After dinner I washed the dishes while she and Jason curled up on the couch together. He had his arms around her and his moustache moved up and down as they whispered. Mum’s body had collapsed into his. Every couple of minutes, her leg muscles spasmed. I put the dishes away and went to read in the room I shared with Ben.
When I came out two hours later, they were still there on the couch. Mum asleep. Jason counting five-dollar notes out onto the coffee table.
Ben and I got into a bit of a routine. Mum and Jason ignored us, and we fed ourselves and in the afternoons we walked across to the empty block and threw rocks at stuff that moved in the shadows.

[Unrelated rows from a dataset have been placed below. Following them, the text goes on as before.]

text \<open>The large sum graph G'(M): vertex set and adjacency relation.\<close>
definition lsg_vertices :: "('a, 'c) ring_scheme \<Rightarrow> ('a, 'b, 'd) module_scheme \<Rightarrow> 'b set set" where
  "lsg_vertices R M = {N. submodule N R M \<and> N \<noteq> {\<zero>\<^bsub>M\<^esub>} \<and> \<not> large_submodule R M N}"

definition lsg_adj :: "('a, 'c) ring_scheme \<Rightarrow> ('a, 'b, 'd) module_scheme \<Rightarrow> 'b set \<Rightarrow> 'b set \<Rightarrow> bool" where
  "lsg_adj R M N K \<longleftrightarrow> N \<in> lsg_vertices R M \<and> K \<in> lsg_vertices R M \<and> N \<noteq> K \<and>
     \<not> large_submodule R M (N <+>\<^bsub>M\<^esub> K)"

definition graph_reachable :: "'v set \<Rightarrow> ('v \<Rightarrow> 'v \<Rightarrow> bool) \<Rightarrow> 'v \<Rightarrow> 'v \<Rightarrow> bool" where
  "graph_reachable V E x y \<longleftrightarrow> (\<lambda>a b. a \<in> V \<and> b \<in> V \<and> E a b)\<^sup>*\<^sup>* x y"

definition graph_connected :: "'v set \<Rightarrow> ('v \<Rightarrow> 'v \<Rightarrow> bool) \<Rightarrow> bool" where
  "graph_connected V E \<longleftrightarrow> (\<forall>x \<in> V. \<forall>y \<in> V. graph_reachable V E x y)"

definition graph_nonnull :: "'v set \<Rightarrow> ('v \<Rightarrow> 'v \<Rightarrow> bool) \<Rightarrow> bool" where
  "graph_nonnull V E \<longleftrightarrow> (\<exists>x \<in> V. \<exists>y \<in> V. E x y)"

definition graph_cut_vertex :: "'v set \<Rightarrow> ('v \<Rightarrow> 'v \<Rightarrow> bool) \<Rightarrow> 'v \<Rightarrow> bool" where
  "graph_cut_vertex V E v \<longleftrightarrow> v \<in> V \<and> \<not> graph_connected (V - {v}) E"

end

theory Submission imports Defs begin

text \<open>
  If a vertex \<open>v\<close> of \<open>G'(M)\<close> is adjacent to \<open>a\<close> and \<open>b\<close>, choose nonzero submodules \<open>L\<close>, \<open>L'\<close>
  with \<open>L \<inter> (a + v) = 0\<close> and \<open>L' \<inter> (v + b) = 0\<close>. In a comultiplication module a nonzero submodule
  meeting two submodules trivially also meets their sum trivially, since one summand is an
  annihilator \<open>Ann\<^sub>M(I)\<close> and \<open>I\<close> pushes the sum into the other summand. Hence either \<open>L\<close> or \<open>L'\<close>
  witnesses that \<open>a + b\<close> is not large, or \<open>a \<inter> L'\<close>, \<open>b \<inter> L\<close> are vertices and
  \<open>a \<dash> a \<inter> L' \<dash> b \<inter> L \<dash> b\<close> is a path avoiding \<open>v\<close>, the middle edge being witnessed by \<open>v\<close> itself.
  So every path through \<open>v\<close> can be rerouted around \<open>v\<close>, and removing \<open>v\<close> keeps the graph connected.
\<close>

context module
begin

lemma submodule_zero: "submodule N R M \<Longrightarrow> \<zero>\<^bsub>M\<^esub> \<in> N"
  using submodule.axioms(1) subgroup.one_closed by fastforce

lemma submodule_Int:
  assumes "submodule X R M" "submodule Y R M"
  shows "submodule (X \<inter> Y) R M"
  by (rule submoduleI)
    (use submoduleE[OF assms(1)] submoduleE[OF assms(2)] submodule_zero[OF assms(1)]
       submodule_zero[OF assms(2)] in auto)

lemma mem_set_add_iff: "y \<in> X <+>\<^bsub>M\<^esub> Y \<longleftrightarrow> (\<exists>h\<in>X. \<exists>k\<in>Y. y = h \<oplus>\<^bsub>M\<^esub> k)"
  unfolding set_add_def' by blast

lemma submodule_set_add:
  assumes X: "submodule X R M" and Y: "submodule Y R M"
  shows "submodule (X <+>\<^bsub>M\<^esub> Y) R M"
proof (rule submodule.intro)
  show "subgroup (X <+>\<^bsub>M\<^esub> Y) (add_monoid M)"
    unfolding set_add_def using X Y by (intro add.mult_subgroups) (auto dest: submodule.axioms(1))
  show "submodule_axioms (X <+>\<^bsub>M\<^esub> Y) R M"
  proof
    fix r x assume r: "r \<in> carrier R" and "x \<in> X <+>\<^bsub>M\<^esub> Y"
    then obtain h k where hk: "h \<in> X" "k \<in> Y" "x = h \<oplus>\<^bsub>M\<^esub> k"
      unfolding mem_set_add_iff by blast
    then have "r \<odot>\<^bsub>M\<^esub> x = r \<odot>\<^bsub>M\<^esub> h \<oplus>\<^bsub>M\<^esub> r \<odot>\<^bsub>M\<^esub> k"
      using r submoduleE(1)[OF X] submoduleE(1)[OF Y] smult_r_distr by blast
    then show "r \<odot>\<^bsub>M\<^esub> x \<in> X <+>\<^bsub>M\<^esub> Y"
      unfolding mem_set_add_iff using hk r submoduleE(4)[OF X] submoduleE(4)[OF Y] by blast
  qed
qed

lemma set_add_submodule_upper:
  assumes X: "submodule X R M" and Y: "submodule Y R M"
  shows "X \<subseteq> X <+>\<^bsub>M\<^esub> Y" and "Y \<subseteq> X <+>\<^bsub>M\<^esub> Y"
proof -
  show "X \<subseteq> X <+>\<^bsub>M\<^esub> Y"
  proof
    fix x assume x: "x \<in> X"
    then have "x = x \<oplus>\<^bsub>M\<^esub> \<zero>\<^bsub>M\<^esub>" using submoduleE(1)[OF X] by auto
    then show "x \<in> X <+>\<^bsub>M\<^esub> Y" unfolding mem_set_add_iff using x submodule_zero[OF Y] by blast
  qed
  show "Y \<subseteq> X <+>\<^bsub>M\<^esub> Y"
  proof
    fix y assume y: "y \<in> Y"
    then have "y = \<zero>\<^bsub>M\<^esub> \<oplus>\<^bsub>M\<^esub> y" using submoduleE(1)[OF Y] by auto
    then show "y \<in> X <+>\<^bsub>M\<^esub> Y" unfolding mem_set_add_iff using y submodule_zero[OF X] by blast
  qed
qed

lemma set_add_commute:
  assumes "X \<subseteq> carrier M" "Y \<subseteq> carrier M"
  shows "X <+>\<^bsub>M\<^esub> Y = Y <+>\<^bsub>M\<^esub> X"
  unfolding set_add_def' using assms by (auto intro: a_comm) (metis a_comm subsetD)+

lemma set_add_submodule_absorb:
  assumes X: "submodule X R M" and Y: "submodule Y R M" and "Y \<subseteq> X"
  shows "X <+>\<^bsub>M\<^esub> Y = X"
proof
  show "X <+>\<^bsub>M\<^esub> Y \<subseteq> X"
    unfolding mem_set_add_iff subset_iff using assms(3) submoduleE(5)[OF X] by blast
  show "X \<subseteq> X <+>\<^bsub>M\<^esub> Y" by (rule set_add_submodule_upper(1)[OF X Y])
qed

lemma Int_trivial_subset:
  assumes "submodule X R M" "submodule L R M" "X \<subseteq> Y" "L \<inter> Y = {\<zero>\<^bsub>M\<^esub>}"
  shows "L \<inter> X = {\<zero>\<^bsub>M\<^esub>}"
  using assms submodule_zero by blast

lemma not_large_submodule_iff:
  assumes "submodule N R M"
  shows "\<not> large_submodule R M N \<longleftrightarrow>
    (\<exists>L. submodule L R M \<and> L \<noteq> {\<zero>\<^bsub>M\<^esub>} \<and> N \<inter> L = {\<zero>\<^bsub>M\<^esub>})"
  using assms unfolding large_submodule_def by blast

lemma large_submodule_mono:
  assumes "large_submodule R M X" "submodule Y R M" "X \<subseteq> Y"
  shows "large_submodule R M Y"
  using assms submodule_zero unfolding large_submodule_def by blast

lemma ann_mod_Int_set_add_trivial:
  assumes I: "I \<subseteq> carrier R"
    and L: "submodule L R M" and A: "submodule (ann_mod R M I) R M" and X: "submodule X R M"
    and LA: "L \<inter> ann_mod R M I = {\<zero>\<^bsub>M\<^esub>}" and LX: "L \<inter> X = {\<zero>\<^bsub>M\<^esub>}"
  shows "L \<inter> (ann_mod R M I <+>\<^bsub>M\<^esub> X) = {\<zero>\<^bsub>M\<^esub>}"
proof -
  have "y \<in> ann_mod R M I" if y: "y \<in> L" "y \<in> ann_mod R M I <+>\<^bsub>M\<^esub> X" for y
  proof -
    obtain h k where hk: "h \<in> ann_mod R M I" "k \<in> X" "y = h \<oplus>\<^bsub>M\<^esub> k"
      using y(2) unfolding mem_set_add_iff by blast
    have "r \<odot>\<^bsub>M\<^esub> y = \<zero>\<^bsub>M\<^esub>" if r: "r \<in> I" for r
    proof -
      have "r \<odot>\<^bsub>M\<^esub> y = r \<odot>\<^bsub>M\<^esub> h \<oplus>\<^bsub>M\<^esub> r \<odot>\<^bsub>M\<^esub> k"
        using hk r I submoduleE(1)[OF A] submoduleE(1)[OF X] smult_r_distr by blast
      also have "\<dots> = r \<odot>\<^bsub>M\<^esub> k"
      proof -
        have "r \<odot>\<^bsub>M\<^esub> k \<in> carrier M" using hk(2) r I submoduleE(1)[OF X] by auto
        then show ?thesis using hk(1) r unfolding ann_mod_def by auto
      qed
      finally have "r \<odot>\<^bsub>M\<^esub> y \<in> X" using hk(2) r I submoduleE(4)[OF X] by auto
      moreover have "r \<odot>\<^bsub>M\<^esub> y \<in> L" using y(1) r I submoduleE(4)[OF L] by blast
      ultimately show ?thesis using LX by blast
    qed
    then show ?thesis using y(1) submoduleE(1)[OF L] unfolding ann_mod_def by blast
  qed
  then show ?thesis
    using LA submodule_zero[OF L] submodule_zero[OF submodule_set_add[OF A X]] by blast
qed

One night before it got dark we went down to his school and he showed me where he’d cut his leg on the swings, and where he spent his lunchtime alone in the doorway of his classroom. He crouched down in there and crossed his legs. ‘I sit like this,’ he said. ‘I have to get up before the other kids get back because they step on me when they go back into the classroom.’
I sat next to him.
‘I don’t know why they don’t want to play with me but I guess that’s their decision.’ His skin and bones buzzed next to me.
‘You’ll make friends,’ I said. Hollow promise.
‘I tried showing them some of the things Yiannis taught me. I wanted to start with the one where you give Panadol to a bird and make it explode, but I thought that might freak them out so I just tied a balloon to a bee.’